-- Task brief --
Identify all lines in the data containing the string "assumes". Copy them out.

──────────────────────────────

lemma kernel_le_rcomp_conv:
  assumes "\<forall>a. \<exists>b. R a b = 1"
  shows "kernel R \<le> R \<bullet> conv R"
proof (rule le_funI)+
  fix a1 a2
  obtain b where b: "R a1 b = 1" using assms by blast
  have "kernel R a1 a2 \<le> biimp 1 (R a2 b)"
    unfolding kernel_def b[symmetric] by (rule INF_lower) simp
  also have "\<dots> \<le> R a1 b * conv R b a2"
    using biimp_one_le by (simp add: b conv_def)
  also have "\<dots> \<le> (R \<bullet> conv R) a1 a2"
    by (rule rcomp_upper)
  finally show "kernel R a1 a2 \<le> (R \<bullet> conv R) a1 a2" .
qed

lemma kernel_eq_rcomp_conv: "uniform R \<Longrightarrow> kernel R = R \<bullet> conv R"
  unfolding uniform_iff_difunctional
  by (blast intro: antisym kernel_le_rcomp_conv rcomp_conv_le_kernel)

lemma le_rcomp_rcomp_conv:
  assumes "\<forall>b. \<exists>c. R b c = 1"
  shows "U \<le> U \<bullet> R \<bullet> conv R"
proof (rule le_funI)+
  fix a b
  obtain c where c: "R b c = 1" using assms by blast
  have "U a b = U a b * R b c * conv R c b"
    by (simp add: c conv_def)
  also have "\<dots> \<le> (U \<bullet> R \<bullet> conv R) a b"
    by (rule rcomp3_upper)
  finally show "U a b \<le> (U \<bullet> R \<bullet> conv R) a b" .
qed

definition linked :: "('i \<Rightarrow> 'a \<Rightarrow> 'a \<Rightarrow> 'l::complete_residuated_lattice) \<Rightarrow> ('i \<Rightarrow> 'b \<Rightarrow> 'b \<Rightarrow> 'l)
    \<Rightarrow> ('a \<Rightarrow> 'b \<Rightarrow> 'l) \<Rightarrow> bool" where
  "linked V W U \<longleftrightarrow> (\<forall>i. conv U \<bullet> V i \<le> W i \<bullet> conv U \<and> U \<bullet> W i \<le> V i \<bullet> U)"

lemma linked_conv [simp]: "linked W V (conv U) \<longleftrightarrow> linked V W U"
  unfolding linked_def by auto

lemma linked_rcomp:
  assumes "linked V W R" and "linked W X S"
  shows "linked V X (R \<bullet> S)"
  unfolding linked_def
proof (intro allI conjI)
  fix i
  have R: "conv R \<bullet> V i \<le> W i \<bullet> conv R" "R \<bullet> W i \<le> V i \<bullet> R"
    and S: "conv S \<bullet> W i \<le> X i \<bullet> conv S" "S \<bullet> X i \<le> W i \<bullet> S"
    using assms unfolding linked_def by auto
  have "conv (R \<bullet> S) \<bullet> V i = conv S \<bullet> (conv R \<bullet> V i)"
    by (simp add: conv_rcomp rcomp_assoc)
  also have "\<dots> \<le> (conv S \<bullet> W i) \<bullet> conv R"
    using R(1) by (simp add: rcomp_mono rcomp_assoc)
  also have "\<dots> \<le> X i \<bullet> conv (R \<bullet> S)"
    using S(1) by (simp add: rcomp_mono conv_rcomp flip: rcomp_assoc)
  finally show "conv (R \<bullet> S) \<bullet> V i \<le> X i \<bullet> conv (R \<bullet> S)" .
  have "R \<bullet> S \<bullet> X i \<le> R \<bullet> W i \<bullet> S"
    using S(2) by (simp add: rcomp_mono rcomp_assoc)
  also have "\<dots> \<le> V i \<bullet> (R \<bullet> S)"
    using R(2) by (simp add: rcomp_mono flip: rcomp_assoc)
  finally show "R \<bullet> S \<bullet> X i \<le> V i \<bullet> (R \<bullet> S)" .
qed

lemma sol_WL23_iff: "sol_WL23 V W Z U \<longleftrightarrow> linked V W U \<and> U \<le> Z"
  unfolding sol_WL23_def linked_def ..

lemma sol_WL14_iff: "sol_WL14 V Y U \<longleftrightarrow> linked V V U \<and> U \<le> Y \<and> conv U \<le> Y"
  unfolding sol_WL14_def linked_def by blast

lemma sol_WL23_conv [simp]: "sol_WL23 W V (conv Z) (conv U) \<longleftrightarrow> sol_WL23 V W Z U"
  unfolding sol_WL23_iff by simp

──────────────────────────────

-- Response to this exercise --
  assumes "\<forall>a. \<exists>b. R a b = 1"
  assumes "\<forall>b. \<exists>c. R b c = 1"
  assumes "linked V W R" and "linked W X S"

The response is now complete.